$Ax$ is the vector obtained projecting $x$ onto the line $x_1=x_2$
I can not understand what the exercise asks, or how to start to solve it.
The funny thing is that this exercise is within the portion of linear transformations, and I can not find the relationship.
I hope someone can help me and guide me to bring it out.
On
The line $x_1 = x_2$ is given by the direction vector $[1;1]$. $A$ is the "projection onto the direction given by $[1;1]$" matrix. So, $A x = \frac{<[1;1], x>}{||[1;1]||} [1;1]$ (the inner product with normalization gives you the projection's magnitude, and the $[1;1]$ gives direction). Now, note that $<[1;1],x> = [1;1]^T x = x^T [1;1]$, and re-arrange it so that you get $(stuff)x$. Then, $A=stuff$.

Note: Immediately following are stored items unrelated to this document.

(* There is a deterministic distributed dynamic data structure for robust $3$-hop neighborhood listing which handles edge insertions and deletions in $O(1)$ amortized rounds.
   Context: Highly dynamic network model: a synchronous network on a fixed set $V$ of $n$ nodes with unique identifiers starts as the empty graph; at the beginning of round $i$ the graph is $G_i=(V,E_i)$, obtained from the previous graph by an adversary inserting and/or deleting an arbitrary (unbounded) set of edges. At the start of each round every node is notified only of the insertions/deletions of edges incident to it; then each node may send a message of $O(\log n)$ bits to each of its current neighbors. A distributed dynamic data structure consists of a local part $DS_v$ at each node $v$; at the end of every round, $DS_v$ may be queried and must answer immediately, without any further communication. The amortized round complexity is at most $c$ if for every round $i$, the number of rounds up to round $i$ in which at least one node $v$ has $DS_v$ in an inconsistent state, divided by the total number of topology changes that occurred up to round $i$, is at most $c$. For an edge $e$, its insertion time $t_e$ is the latest round in which $e$ was inserted. Let $E^{v,3}_i$ be the set of edges of $G_i$ having an endpoint at distance at most $2$ from $v$. The robust $3$-hop neighborhood $R^{v,3}_i\subseteq E^{v,3}_i$ consists of: all edges of $G_i$ incident to $v$; the edges of every path $v-u-w$ in $G_i$ with $t_{\{u,w\}}\geq t_{\{v,u\}}$; and the edges of every path $v-u-w-x$ in $G_i$ with $t_{\{w,x\}}\geq t_{\{u,w\}}$ and $t_{\{w,x\}}\geq t_{\{v,u\}}$. Robust $3$-hop neighborhood listing: in round $i$, $DS_v$ must respond to a query $\{u,w\}$ with $\texttt{true}$ if $\{u,w\}\in R^{v,3}_{i-1}$, with $\texttt{false}$ if $\{u,w\}\notin E^{v,3}_{i-1}$, or with $\texttt{inconsistent}$ if $DS_v$ is in an inconsistent state. *)

theory Defs
  imports Complex_Main
begin

text \<open>A dynamic graph (adversary) is a
  sequence G of edge sets: G i is the edge set of the graph in round i
  (i \<ge> 1); G 0 is the initial empty graph.\<close>

type_synonym dyn_graph = "nat \<Rightarrow> nat set set"
lemma quasi_state_decomposition:
  fixes \<zeta> :: "(complex^'n) \<times> (complex^'n^'n) \<Rightarrow> real"
  assumes card: "CARD('n) \<ge> 2" and cont: "continuous_on gn \<zeta>"
    and qs: "lie_quasi_state gn gbracket \<zeta>"
  shows "\<exists>\<psi> \<eta>. linear \<psi> \<and> continuous_on un \<eta> \<and> lie_quasi_state un ubracket \<eta>
    \<and> (\<forall>v. \<forall>X\<in>un. \<zeta> (v, X) = \<psi> v + \<eta> X)"
proof (intro exI conjI)
  let ?\<psi> = "\<lambda>v. \<zeta> (v, 0)" and ?\<eta> = "\<lambda>X. \<zeta> (0, X)"
  show "linear ?\<psi>" and "lie_quasi_state un ubracket ?\<eta>"
    using qs by (rule linear_quasi_state_translation, rule quasi_state_restrict_un)
  show "continuous_on un ?\<eta>"
    using cont by (rule continuous_on_quasi_state_rotation_part)
  have "\<forall>A\<in>gn. \<zeta> A - ?\<psi> (fst A) - ?\<eta> (snd A) = 0"
    using quasi_state_zero[OF qs]
    by (intro normalized_quasi_state_vanishes[OF card continuous_on_quasi_state_remainder[OF cont]
        quasi_state_remainder[OF qs]]) simp_all
  then show "\<forall>v. \<forall>X\<in>un. \<zeta> (v, X) = ?\<psi> v + ?\<eta> X"
  proof (intro allI ballI)
    fix v :: "complex^'n" and X :: "complex^'n^'n"
    assume "\<forall>A\<in>gn. \<zeta> A - ?\<psi> (fst A) - ?\<eta> (snd A) = 0" and "X \<in> un"
    then have "\<zeta> (v, X) - ?\<psi> v - ?\<eta> X = 0"
      by (metis gn_iff fst_conv snd_conv)
    then show "\<zeta> (v, X) = ?\<psi> v + ?\<eta> X"
      by simp
  qed
qed

theorem mainTheorem17:
  assumes "CARD('n::finite) \<ge> 2"
  shows "(\<forall>\<zeta> :: (complex^'n) \<times> (complex^'n^'n) \<Rightarrow> real.
            continuous_on gn \<zeta> \<and> lie_quasi_state gn gbracket \<zeta>
            \<and> (\<forall>v. \<zeta> (v, 0) = 0) \<and> (\<forall>X\<in>un. \<zeta> (0, X) = 0)
            \<longrightarrow> (\<forall>A\<in>gn. \<zeta> A = 0))
       \<and> (\<forall>\<zeta> :: (complex^'n) \<times> (complex^'n^'n) \<Rightarrow> real.
            continuous_on gn \<zeta> \<and> lie_quasi_state gn gbracket \<zeta>
            \<longrightarrow> (\<exists>(\<psi> :: complex^'n \<Rightarrow> real) (\<eta> :: complex^'n^'n \<Rightarrow> real).
                   linear \<psi> \<and> continuous_on un \<eta> \<and> lie_quasi_state un ubracket \<eta>
                   \<and> (\<forall>v. \<forall>X\<in>un. \<zeta> (v, X) = \<psi> v + \<eta> X)))"
  using normalized_quasi_state_vanishes[OF assms] quasi_state_decomposition[OF assms] by blast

You can read the vector projection article on wikipedia for more details (in particular, the section on "Matrix Representation".
On
Well, I presume you are looking for an orthogonal projection (that is $Ax$ is the nearest point to the line $x_1=x_2$).

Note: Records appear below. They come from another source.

lemma measure_eq_0_if_frequently_ball_measure_less:
  fixes N L :: "'a::euclidean_space measure"
  assumes N: "finite_measure N" "sets N = sets borel" and L: "finite_measure L" "sets L = sets borel"
    and "0 < a" "0 \<le> b" and E: "E \<in> sets borel" "measure L E = 0"
    and small_radii: "\<And>x \<delta>. x \<in> E \<Longrightarrow> 0 < \<delta> \<Longrightarrow>
      \<exists>r. 0 < r \<and> r < \<delta> \<and> a * measure N (ball x r) < b * measure L (ball x r)"
  shows "measure N E = 0"
proof -
  interpret N: finite_measure N by fact
  interpret L: finite_measure L by fact
  obtain M where overlap: "\<forall>(C::'a set) \<rho> y. center_separated C \<rho> \<longrightarrow> card {c\<in>C. y \<in> ball c (\<rho> c)} \<le> M"
    using center_separated_overlap_bound by blast
  have null_compact: "measure N K = 0" if K: "K \<subseteq> E" "compact K" for K
  proof -
    have K_borel: "K \<in> sets borel"
      using K(2) by (simp add: compact_imp_closed borel_closed)
    have "measure L K \<le> measure L E"
      using K(1) E(1) L(2) by (intro L.finite_measure_mono) auto
    then have "emeasure L K = 0"
      using E(2) measure_nonneg[of L K] by (simp add: L.emeasure_eq_measure)
    have small_K: "\<exists>r. 0 < r \<and> r < \<delta> \<and> a * measure N (ball x r) < b * measure L (ball x r)"
      if "x \<in> K" "0 < \<delta>" for x \<delta>
      using that K(1) by (intro small_radii) auto
    have "a * measure N K \<le> 0 + \<epsilon>" if "0 < \<epsilon>" for \<epsilon>
    proof -
      have "0 \<le> b * M"
        using \<open>0 \<le> b\<close> by simp
      then have pos: "0 < b * M + 1"
        by linarith
      have "emeasure L K < ennreal (\<epsilon> / (b * M + 1))"
        using \<open>emeasure L K = 0\<close> \<open>0 < \<epsilon>\<close> pos by simp
      then have "(INF U \<in> {U. K \<subseteq> U \<and> open U}. emeasure L U) < ennreal (\<epsilon> / (b * M + 1))"
        using outer_regular[OF L(2) _ K_borel] by simp
      then obtain U where U: "K \<subseteq> U" "open U" "emeasure L U < ennreal (\<epsilon> / (b * M + 1))"
        unfolding INF_less_iff by blast
      then have "measure L U * (b * M + 1) < \<epsilon>"
        using pos by (simp add: L.emeasure_eq_measure ennreal_less_iff pos_less_divide_eq)
      have "a * measure N K \<le> b * (M * measure L U)"
        by (rule besicovitch_measure_bound[OF N L less_imp_le[OF \<open>0 < a\<close>] \<open>0 \<le> b\<close> K(2) U(1,2) small_K
              overlap[rule_format]])
      also have "\<dots> \<le> (b * M + 1) * measure L U"
        by (simp add: algebra_simps)
      also have "\<dots> < \<epsilon>"
        using \<open>measure L U * (b * M + 1) < \<epsilon>\<close> by (simp add: mult.commute)
      finally show ?thesis
        by simp
    qed
    then have "a * measure N K \<le> 0"
      by (rule field_le_epsilon)
    then show ?thesis
      using \<open>0 < a\<close> measure_nonneg[of N K] by (simp add: mult_le_0_iff)
  qed
  have "emeasure N E = (SUP K \<in> {K. K \<subseteq> E \<and> compact K}. emeasure N K)"
    by (rule inner_regular[OF N(2) _ E(1)]) simp
  also have "\<dots> \<le> 0"
    by (rule SUP_least) (simp add: N.emeasure_eq_measure null_compact)
  finally show ?thesis
    by (simp add: N.emeasure_eq_measure)
qed

lemma eventually_ball_measure_le_full_measure:
  fixes N L :: "'a::euclidean_space measure"
  assumes N: "finite_measure N" "sets N = sets borel" and L: "finite_measure L" "sets L = sets borel"
    and "0 < a" "0 \<le> b" and A: "A \<in> sets borel" "measure L A = 0"
  defines "S \<equiv> {x \<in> A. \<exists>\<delta>>0. \<forall>r. 0 < r \<and> r < \<delta> \<longrightarrow> b * measure L (ball x r) \<le> a * measure N (ball x r)}"
  shows "S \<in> sets borel" "measure N S = measure N A" "measure L S = 0"
proof -
  interpret N: finite_measure N by fact
  interpret L: finite_measure L by fact
  show S: "S \<in> sets borel"
    unfolding S_def by (rule sets_borel_eventually_ball_measure_le[OF N L A(1)])
  have "S \<subseteq> A"
    by (auto simp: S_def)
  then have L_le: "measure L S \<le> measure L A" "measure L (A - S) \<le> measure L A"
    using A(1) L(2) by (auto intro!: L.finite_measure_mono)
  then show "measure L S = 0"
    using A(2) measure_nonneg[of L S] by linarith
  have "measure L (A - S) = 0"
    using A(2) L_le(2) measure_nonneg[of L "A - S"] by linarith
  then have "measure N (A - S) = 0"
    using A(1) S \<open>0 < a\<close> \<open>0 \<le> b\<close>
    by (intro measure_eq_0_if_frequently_ball_measure_less[OF N L]) (auto simp: S_def not_le)
  then show "measure N S = measure N A"
    using N.finite_measure_Diff[of A S] A(1) S \<open>S \<subseteq> A\<close> N(2) by simp
qed

theorem lemma3:
  fixes \<mu> :: "'a::euclidean_space set \<Rightarrow> real" and Ap :: "'a set"
  assumes "signed_measure borel \<mu>"
    and "hahn_decomposition borel \<mu> Ap"
  shows "\<mu> {x \<in> Ap. \<exists>\<delta>>0. \<forall>r. 0 < r \<and> r < \<delta> \<longrightarrow>
            pos_part \<mu> Ap (ball x r) \<le> 10 * \<mu> (ball x r)} = \<mu> Ap"
proof -
  obtain N L where N: "finite_measure N" "sets N = sets borel"
    and L: "finite_measure L" "sets L = sets borel"
    and N_eq: "\<And>E. E \<in> sets borel \<Longrightarrow> measure N E = \<mu> (E \<inter> Ap)"
    and \<mu>_eq: "\<And>E. E \<in> sets borel \<Longrightarrow> \<mu> E = measure N E - measure L E"
    by (rule hahn_decomposition_jordan[OF assms]) (rule that)
  have Ap: "Ap \<in> sets borel"
    using assms(2) by (simp add: hahn_decomposition_def)
  have "measure L Ap = 0"
    using \<mu>_eq[OF Ap] N_eq[OF Ap] by simp
  have "pos_part \<mu> Ap (ball x r) \<le> 10 * \<mu> (ball x r) \<longleftrightarrow>
      10 * measure L (ball x r) \<le> 9 * measure N (ball x r)" for x r
    using N_eq[of "ball x r"] \<mu>_eq[of "ball x r"] by (simp add: pos_part_def borel_open)
  then show ?thesis
    using eventually_ball_measure_le_full_measure[OF N L _ _ Ap \<open>measure L Ap = 0\<close>, where a = 9 and b = 10]
      \<mu>_eq Ap \<open>measure L Ap = 0\<close> by simp
qed

end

It takes a little bit of work to demonstrate that the projection operator is a linear operator. The nice thing about a linear operator is that you only need to figure out how it affects a set of basis vectors and then you know how it behaves everywhere.
I am assuming that you are asking how to compute the $A$ rather than to demonstrate that the orthogonal projection is linear.
One way is to see how the matrix $A$ operates on the basis vectors $e_1=(1,0)^T$, $e_2 = (0,1)^T$.
If you draw a picture, you will see that $e_1$ is mapped to $({1 \over 2}, {1 \over 2})^T$, and $e_2$ is also mapped to $({1 \over 2}, {1 \over 2})^T$.
Hence the matrix is $A = \begin{bmatrix} {1 \over 2} & {1 \over 2} \\ {1 \over 2} & {1 \over 2}\end{bmatrix}$.
Note that we could have created a projection that was not orthogonal, but we need to ensure that the operator is a projection, that is $A^2 = A$. For example, we could map $e_1 \to (1,1)^T$, which would require that $A^2 e_1 = A (1,1)^T = A(e_1+e_2) = e_1+e_2$, which in turn gives $A e_2 = 0$, so the matrix $A = \begin{bmatrix} 0 & 1 \\ 0 & 1 \end{bmatrix}$ would also work.
This makes no sense to me. $x$ must be an element of $\mathbb R^2$ if you want to take it as an argument of a linear transformation $A:\mathbb R^2\to\mathbb R^2$. In this case, I guess the exercise to be: Find the orthogonal projection mapping $\mathbb R^2$ onto the subspace spanned by $e_1+e_2$.